**Source information**.
┄┄┄┄┄┄

(* For every $i\in\{1,\dots,n\}$, the control input $v_i(\mathbf p)=\mathrm{sat}(v_i^{\mathrm{ms}}(\mathbf p)+v_i^{\mathrm{cv}}(\mathbf p))$ is locally Lipschitz with respect to $\mathbf p$ on $\mathbb{R}^{dn}$.
   Context: Setting: $n\ge2$ robots in $\mathbb{R}^d$, positions $p_i\in\mathbb{R}^d$, configuration $\mathbf p=[p_1^\top,\dots,p_n^\top]^\top\in\mathbb{R}^{dn}$; fixed sample points $q_1,\dots,q_m\in\mathbb{R}^d$; constants $\beta>0$, $\sigma_1>0$, $\sigma_2>0$, $\varepsilon\in(0,1)$, $r_{\mathrm{avoid}}>0$, $v_{\max}>0$. Mass: $P_k(\mathbf p)=\frac1n\sum_{i=1}^n e^{-\beta\|q_k-p_i\|^2}$. Meanshift command: $v_i^{\mathrm{ms}}(\mathbf p)=\dfrac{\frac{\sigma_1}{m}\sum_{k=1}^m P_k(\mathbf p)^{-1}e^{-\beta\|q_k-p_i\|^2}(q_k-p_i)}{\sum_{k=1}^m P_k(\mathbf p)^{-1}e^{-\beta\|q_k-p_i\|^2}}$. Repulsive term: $\tilde v_i^{\mathrm{cv}}=\sigma_2\sum_{j\ne i,\ \|p_i-p_j\|\le r_{\mathrm{avoid}}}\frac{r_{\mathrm{avoid}}-\|p_i-p_j\|}{\|p_i-p_j\|+\varepsilon}(p_i-p_j)$. With $\varphi=\min\{\|v_i^{\mathrm{ms}}\|^2/\varepsilon,1\}$, the gain is $\kappa_2=\varphi$ if $(v_i^{\mathrm{ms}})^\top\tilde v_i^{\mathrm{cv}}\ge0$ and $\kappa_2=\varphi\min\{-(1-\varepsilon)\|v_i^{\mathrm{ms}}\|^2/((v_i^{\mathrm{ms}})^\top\tilde v_i^{\mathrm{cv}}),1\}$ if $(v_i^{\mathrm{ms}})^\top\tilde v_i^{\mathrm{cv}}<0$; collision-avoidance command $v_i^{\mathrm{cv}}=\kappa_2\tilde v_i^{\mathrm{cv}}$. Saturation: $\mathrm{sat}(z)=v_{\max}z/\|z\|$ if $\|z\|>v_{\max}$, and $\mathrm{sat}(z)=z$ otherwise. *)

theory Defs
  imports "HOL-Analysis.Analysis"
begin

text \<open>Robots are indexed by a finite type 'n (n = CARD('n)), positions live in
  real^'d (d = CARD('d)); a configuration is p :: real^'d^'n, i.e. an element of R^{dn}
  with the Euclidean norm.  Sample points are indexed by a finite type 'k (m = CARD('k)).\<close>

definition locally_lipschitz_on :: "'a::metric_space set \<Rightarrow> ('a \<Rightarrow> 'b::metric_space) \<Rightarrow> bool" where
  "locally_lipschitz_on X f \<longleftrightarrow>
     (\<forall>x\<in>X. \<exists>u>0. \<exists>L. L-lipschitz_on (cball x u \<inter> X) f)"

definition mass :: "real \<Rightarrow> ('k::finite \<Rightarrow> real^'d) \<Rightarrow> real^'d^'n::finite \<Rightarrow> 'k \<Rightarrow> real" where
  "mass \<beta> q p k = (1 / real CARD('n)) * (\<Sum>i\<in>UNIV. exp (- \<beta> * (norm (q k - p $ i))\<^sup>2))"

definition v_ms :: "real \<Rightarrow> real \<Rightarrow> ('k::finite \<Rightarrow> real^'d) \<Rightarrow> real^'d^'n::finite \<Rightarrow> 'n \<Rightarrow> real^'d" where
  "v_ms \<beta> \<sigma>1 q p i =
     (let w = (\<lambda>k. inverse (mass \<beta> q p k) * exp (- \<beta> * (norm (q k - p $ i))\<^sup>2))
      in (1 / (\<Sum>k\<in>UNIV. w k)) *\<^sub>R ((\<sigma>1 / real CARD('k)) *\<^sub>R (\<Sum>k\<in>UNIV. w k *\<^sub>R (q k - p $ i))))"
section \<open>Extension of a radial function across its centre\<close>

lemma tendsto_at_right_0_comp_dist:
  fixes x0 :: "'a::metric_space"
  assumes "(g \<longlongrightarrow> l) (at_right 0)"
  shows "((\<lambda>y. g (dist y x0)) \<longlongrightarrow> l) (at x0)"
proof -
  have "((\<lambda>y. dist y x0) \<longlongrightarrow> dist x0 x0) (at x0)"
    by (intro tendsto_intros)
  then have "filterlim (\<lambda>y. dist y x0) (at_right 0) (at x0)"
    unfolding filterlim_at by (auto simp: eventually_at_filter)
  then show ?thesis
    by (rule filterlim_compose[OF assms])
qed

lemma tendsto_radial_matrix:
  fixes e :: "'a \<Rightarrow> real^'n"
  assumes "(a \<longlongrightarrow> c) F" "(b \<longlongrightarrow> c) F" "eventually (\<lambda>x. norm (e x) = 1) F"
  shows "((\<lambda>x. radial_matrix (a x) (b x) (e x)) \<longlongrightarrow> mat c) F"
proof -
  have "((\<lambda>x. (a x - b x) * e x $ i * e x $ j) \<longlongrightarrow> 0) F" for i j
  proof (rule Lim_null_comparison)
    show "eventually (\<lambda>x. norm ((a x - b x) * e x $ i * e x $ j) \<le> \<bar>a x - b x\<bar>) F"
    proof (rule eventually_mono[OF assms(3)])
      fix x assume "norm (e x) = 1"
      then have "\<bar>e x $ l\<bar> \<le> 1" for l
        using component_le_norm_cart[of "e x" l] by simp
      then have "\<bar>e x $ i * e x $ j\<bar> \<le> 1"
        by (simp add: abs_mult mult_le_one)
      then show "norm ((a x - b x) * e x $ i * e x $ j) \<le> \<bar>a x - b x\<bar>"
        by (simp add: abs_mult mult.assoc mult_left_le)
    qed
    show "((\<lambda>x. \<bar>a x - b x\<bar>) \<longlongrightarrow> 0) F"
      using tendsto_rabs[OF tendsto_diff[OF assms(1,2)]] by simp
  qed
  then have "((\<lambda>x. b x * (if i = j then 1 else 0) + (a x - b x) * e x $ i * e x $ j)
      \<longlongrightarrow> (if i = j then c else 0)) F" for i j
    using tendsto_add[OF tendsto_mult[OF assms(2) tendsto_const[of "if i = j then 1 else 0"]]]
    by (cases "i = j") fastforce+
  then show ?thesis
    unfolding radial_matrix_def mat_def by (intro tendsto_vec_lambda)
qed

lemma eventually_at_right_0_in_interval:
  fixes R :: real
  assumes "0 < R"
  shows "eventually (\<lambda>t. t \<in> {0<..<R}) (at_right 0)"
  unfolding eventually_at_right_field using assms by (intro exI[of _ R]) auto

locale radial_profile =
  fixes R L c :: real and \<psi> \<psi>' \<psi>'' :: "real \<Rightarrow> real"
  assumes R_pos: "0 < R"
    and psi_deriv: "\<And>t. t \<in> {0<..<R} \<Longrightarrow> (\<psi> has_real_derivative \<psi>' t) (at t)"
    and psi'_deriv: "\<And>t. t \<in> {0<..<R} \<Longrightarrow> (\<psi>' has_real_derivative \<psi>'' t) (at t)"
    and psi''_cont: "continuous_on {0<..<R} \<psi>''"
    and psi_tendsto: "(\<psi> \<longlongrightarrow> L) (at_right 0)"
    and psi'_ratio_tendsto: "((\<lambda>t. \<psi>' t / t) \<longlongrightarrow> c) (at_right 0)"
    and psi''_tendsto: "(\<psi>'' \<longlongrightarrow> c) (at_right 0)"
begin

definition radial_ext :: "'a::metric_space \<Rightarrow> 'a \<Rightarrow> real" where
  "radial_ext x0 y = (if y = x0 then L else \<psi> (dist y x0))"

lemma eventually_at_punctured_ball:
  fixes x0 :: "'a::metric_space"
  shows "eventually (\<lambda>y. y \<in> ball x0 R - {x0}) (at x0)"
  using eventually_at_ball'[OF R_pos, of x0 UNIV] by (auto elim: eventually_mono)

lemma
  fixes x0 :: "real^'n"
  assumes "y \<in> ball x0 R - {x0}"
  shows radial_ext_punctured: "radial_ext x0 y = \<psi> (dist y x0)"
    and psi_deriv_dist: "(\<psi> has_real_derivative \<psi>' (dist y x0)) (at (dist y x0))"
    and psi'_deriv_dist: "(\<psi>' has_real_derivative \<psi>'' (dist y x0)) (at (dist y x0))"
  using assms by (auto simp: radial_ext_def dist_commute intro!: psi_deriv psi'_deriv)

lemma
  fixes x0 y :: "real^'n"
  assumes "y \<in> ball x0 R - {x0}"
  shows grad_radial_ext: "grad (radial_ext x0) y = (\<psi>' (dist y x0) / dist y x0) *\<^sub>R (y - x0)"
    and hess_radial_ext: "hess (radial_ext x0) y
      = radial_matrix (\<psi>'' (dist y x0)) (\<psi>' (dist y x0) / dist y x0) (sgn (y - x0))"
    and differentiable_radial_ext: "radial_ext x0 differentiable (at y)"
    and differentiable_grad_radial_ext: "grad (radial_ext x0) differentiable (at y)"
proof -
  have U: "open (ball x0 R - {x0})" "y \<in> ball x0 R - {x0}" "x0 \<notin> ball x0 R - {x0}"
    using assms by auto
  note hyps = U radial_ext_punctured psi_deriv_dist psi'_deriv_dist
  show "grad (radial_ext x0) y = (\<psi>' (dist y x0) / dist y x0) *\<^sub>R (y - x0)"
    "hess (radial_ext x0) y
      = radial_matrix (\<psi>'' (dist y x0)) (\<psi>' (dist y x0) / dist y x0) (sgn (y - x0))"
    "radial_ext x0 differentiable (at y)" "grad (radial_ext x0) differentiable (at y)"
    by (simp_all only: grad_radial[OF hyps] hess_radial[OF hyps] differentiable_radial[OF hyps]
        differentiable_grad_radial[OF hyps])
qed

lemma psi'_tendsto_0: "(\<psi>' \<longlongrightarrow> 0) (at_right 0)"
proof -
  have "((\<lambda>t. \<psi>' t / t * t) \<longlongrightarrow> c * 0) (at_right 0)"
    by (intro tendsto_mult psi'_ratio_tendsto) (simp add: tendsto_ident_at)
  moreover have "eventually (\<lambda>t. \<psi>' t / t * t = \<psi>' t) (at_right 0)"
    unfolding eventually_at_right_field by (intro exI[of _ 1]) auto
  ultimately show ?thesis
    using tendsto_cong by fastforce
qed

lemma has_derivative_radial_ext_center:
  fixes x0 :: "real^'n"
  shows "(radial_ext x0 has_derivative (\<lambda>v. 0)) (at x0)"
proof -
  have "((\<lambda>t. (\<psi> t - L) / t) \<longlongrightarrow> 0) (at_right 0)"
  proof (rule lhopital_right_0[where f' = \<psi>' and g' = "\<lambda>_. 1"])
    show "((\<lambda>t. \<psi> t - L) \<longlongrightarrow> 0) (at_right 0)"
      using tendsto_diff[OF psi_tendsto tendsto_const[of L]] by simp
    show "eventually (\<lambda>t. ((\<lambda>t. \<psi> t - L) has_real_derivative \<psi>' t) (at t)) (at_right 0)"
      by (rule eventually_mono[OF eventually_at_right_0_in_interval[OF R_pos]])
         (auto intro!: derivative_eq_intros psi_deriv)
    show "((\<lambda>t. \<psi>' t / 1) \<longlongrightarrow> 0) (at_right 0)"
      using psi'_tendsto_0 by simp
  qed (auto simp: tendsto_ident_at eventually_at_filter intro!: derivative_eq_intros)
  from tendsto_at_right_0_comp_dist[OF this, of x0]
  have "((\<lambda>y. (1 / norm (y - x0)) *\<^sub>R (radial_ext x0 y - (radial_ext x0 x0 + 0))) \<longlongrightarrow> 0) (at x0)"
    by (rule Lim_transform_eventually, intro eventually_mono[OF eventually_at_punctured_ball])
       (simp add: radial_ext_def dist_norm)
  then show ?thesis
    by (simp add: has_derivative_at2)
qed

lemma grad_radial_ext_center:
  fixes x0 :: "real^'n"
  shows "grad (radial_ext x0) x0 = 0"
  by (rule grad_eqI) (simp add: has_derivative_radial_ext_center)

lemma has_derivative_grad_radial_ext_center:
  fixes x0 :: "real^'n"
  shows "(grad (radial_ext x0) has_derivative (\<lambda>v. c *\<^sub>R v)) (at x0)"
proof -
  have "((\<lambda>t. \<bar>\<psi>' t / t - c\<bar>) \<longlongrightarrow> 0) (at_right 0)"
    using tendsto_rabs[OF tendsto_diff[OF psi'_ratio_tendsto tendsto_const[of c]]] by simp
  from tendsto_at_right_0_comp_dist[OF this, of x0]
  have "((\<lambda>y. norm ((1 / norm (y - x0)) *\<^sub>R
      (grad (radial_ext x0) y - (grad (radial_ext x0) x0 + c *\<^sub>R (y - x0))))) \<longlongrightarrow> 0) (at x0)"
  proof (rule Lim_transform_eventually, intro eventually_mono[OF eventually_at_punctured_ball])
    fix y assume y: "y \<in> ball x0 R - {x0}"
    have "grad (radial_ext x0) y - (grad (radial_ext x0) x0 + c *\<^sub>R (y - x0))
        = (\<psi>' (dist y x0) / dist y x0 - c) *\<^sub>R (y - x0)"
      by (simp add: grad_radial_ext[OF y] grad_radial_ext_center algebra_simps)
    then show "\<bar>\<psi>' (dist y x0) / dist y x0 - c\<bar> = norm ((1 / norm (y - x0)) *\<^sub>R
        (grad (radial_ext x0) y - (grad (radial_ext x0) x0 + c *\<^sub>R (y - x0))))"
      using y by (simp add: dist_norm)
  qed
  then show ?thesis
    unfolding has_derivative_at2 tendsto_norm_zero_iff
    using bounded_linear_scaleR_right by blast
qed

lemma hess_radial_ext_center:
  fixes x0 :: "real^'n"
  shows "hess (radial_ext x0) x0 = mat c"
  by (simp add: hess_eqI[OF has_derivative_grad_radial_ext_center] mat_def axis_def vec_eq_iff)

lemma continuous_on_hess_radial_ext:
  fixes x0 :: "real^'n"
  shows "continuous_on (ball x0 R) (hess (radial_ext x0))"
proof -
  let ?U = "ball x0 R - {x0}"
  let ?H = "\<lambda>y. radial_matrix (\<psi>'' (dist y x0)) (\<psi>' (dist y x0) / dist y x0) (sgn (y - x0))"
  have dist_U: "(\<lambda>y. dist y x0) ` ?U \<subseteq> {0<..<R}"
    by (auto simp: dist_commute)
  have "continuous_on {0<..<R} \<psi>'"
    using psi'_deriv by (meson DERIV_isCont continuous_at_imp_continuous_on)
  from continuous_on_compose2[OF this _ dist_U]
  have psi'_U: "continuous_on ?U (\<lambda>y. \<psi>' (dist y x0))"
    by (simp add: continuous_on_dist)
  from continuous_on_compose2[OF psi''_cont _ dist_U]
  have psi''_U: "continuous_on ?U (\<lambda>y. \<psi>'' (dist y x0))"
    by (simp add: continuous_on_dist)
  have "continuous_on ?U ?H"
    unfolding radial_matrix_def
    by (intro continuous_on_vec_lambda continuous_intros psi'_U psi''_U) auto
  then have "continuous_on ?U (hess (radial_ext x0))"
    by (rule continuous_on_eq) (simp add: hess_radial_ext)
  then have "isCont (hess (radial_ext x0)) y" if "y \<in> ?U" for y
    using that continuous_on_eq_continuous_at[OF open_delete[OF open_ball]] by blast
  moreover have "isCont (hess (radial_ext x0)) x0"
  proof -
    have "(?H \<longlongrightarrow> mat c) (at x0)"
    proof (rule tendsto_radial_matrix)
      show "((\<lambda>y. \<psi>'' (dist y x0)) \<longlongrightarrow> c) (at x0)"
        by (rule tendsto_at_right_0_comp_dist[OF psi''_tendsto])
      show "((\<lambda>y. \<psi>' (dist y x0) / dist y x0) \<longlongrightarrow> c) (at x0)"
        by (rule tendsto_at_right_0_comp_dist[OF psi'_ratio_tendsto])
      show "eventually (\<lambda>y. norm (sgn (y - x0)) = 1) (at x0)"
        by (rule eventually_mono[OF eventually_at_punctured_ball]) (simp add: norm_sgn)
    qed
    moreover have "eventually (\<lambda>y. ?H y = hess (radial_ext x0) y) (at x0)"
      by (rule eventually_mono[OF eventually_at_punctured_ball]) (simp add: hess_radial_ext)
    ultimately show ?thesis
      unfolding isCont_def hess_radial_ext_center by (rule Lim_transform_eventually)
  qed
  ultimately show ?thesis
    by (metis continuous_at_imp_continuous_on Diff_iff singletonD)
qed

lemma C2_on_radial_ext:
  fixes x0 :: "real^'n"
  shows "C2_on (ball x0 R) (radial_ext x0)"
  unfolding C2_on_def
proof (intro conjI ballI continuous_on_hess_radial_ext)
  fix y assume y: "y \<in> ball x0 R"
  show "radial_ext x0 differentiable (at y)"
  proof (cases "y = x0")
    case True
    then show ?thesis
      using has_derivative_radial_ext_center by (auto simp: differentiable_def)
  qed (use y in \<open>auto intro: differentiable_radial_ext\<close>)
  show "grad (radial_ext x0) differentiable (at y)"
  proof (cases "y = x0")
    case True
    then show ?thesis
      using has_derivative_grad_radial_ext_center by (auto simp: differentiable_def)
  qed (use y in \<open>auto intro: differentiable_grad_radial_ext\<close>)
qed

end

section \<open>The radial ODE\<close>

lemma DERIV_ge_power_imp_ge:
  fixes \<phi> \<phi>' :: "real \<Rightarrow> real"
  assumes t: "0 < t"
    and deriv: "\<And>s. s \<in> {0<..t} \<Longrightarrow> (\<phi> has_real_derivative \<phi>' s) (at s)"
    and ge: "\<And>s. s \<in> {0<..t} \<Longrightarrow> c * s ^ m \<le> \<phi>' s"
    and lim: "(\<phi> \<longlongrightarrow> 0) (at_right 0)"
  shows "c * t ^ Suc m / Suc m \<le> \<phi> t"
proof -
  define g where "g s = \<phi> s - c * s ^ Suc m / Suc m" for s
  have g_deriv: "(g has_real_derivative \<phi>' s - c * s ^ m) (at s)" if "s \<in> {0<..t}" for s
  proof -
    have "((\<lambda>s. c * s ^ Suc m / Suc m) has_real_derivative c * (Suc m * s ^ m) / Suc m) (at s)"
      by (intro DERIV_cdivide DERIV_cmult) (use DERIV_pow[of "Suc m" s] in simp)
    then show ?thesis
      unfolding g_def using DERIV_diff[OF deriv[OF that]] by simp
  qed
  have "g s \<le> g t" if s: "0 < s" "s < t" for s
  proof (rule DERIV_nonneg_imp_increasing_open[of s t g])
    show "continuous_on {s..t} g"
      using s g_deriv by (meson DERIV_isCont continuous_at_imp_continuous_on greaterThanAtMost_iff
          atLeastAtMost_iff less_le_trans)
  qed (use s g_deriv ge in \<open>force+\<close>)
  then have "eventually (\<lambda>s. g s \<le> g t) (at_right 0)"
    unfolding eventually_at_right_field using t by (intro exI[of _ t]) auto
  moreover have "(g \<longlongrightarrow> 0 - c * 0 ^ Suc m / Suc m) (at_right 0)"
    unfolding g_def by (intro tendsto_intros lim) simp
  ultimately have "0 \<le> g t"
    using tendsto_upperbound[OF _ _ trivial_limit_at_right_real] by fastforce
  then show ?thesis
    by (simp add: g_def)
qed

┄┄┄┄┄┄

Looking at the records above, work out how many lines hold "indexed" and write only that number.

2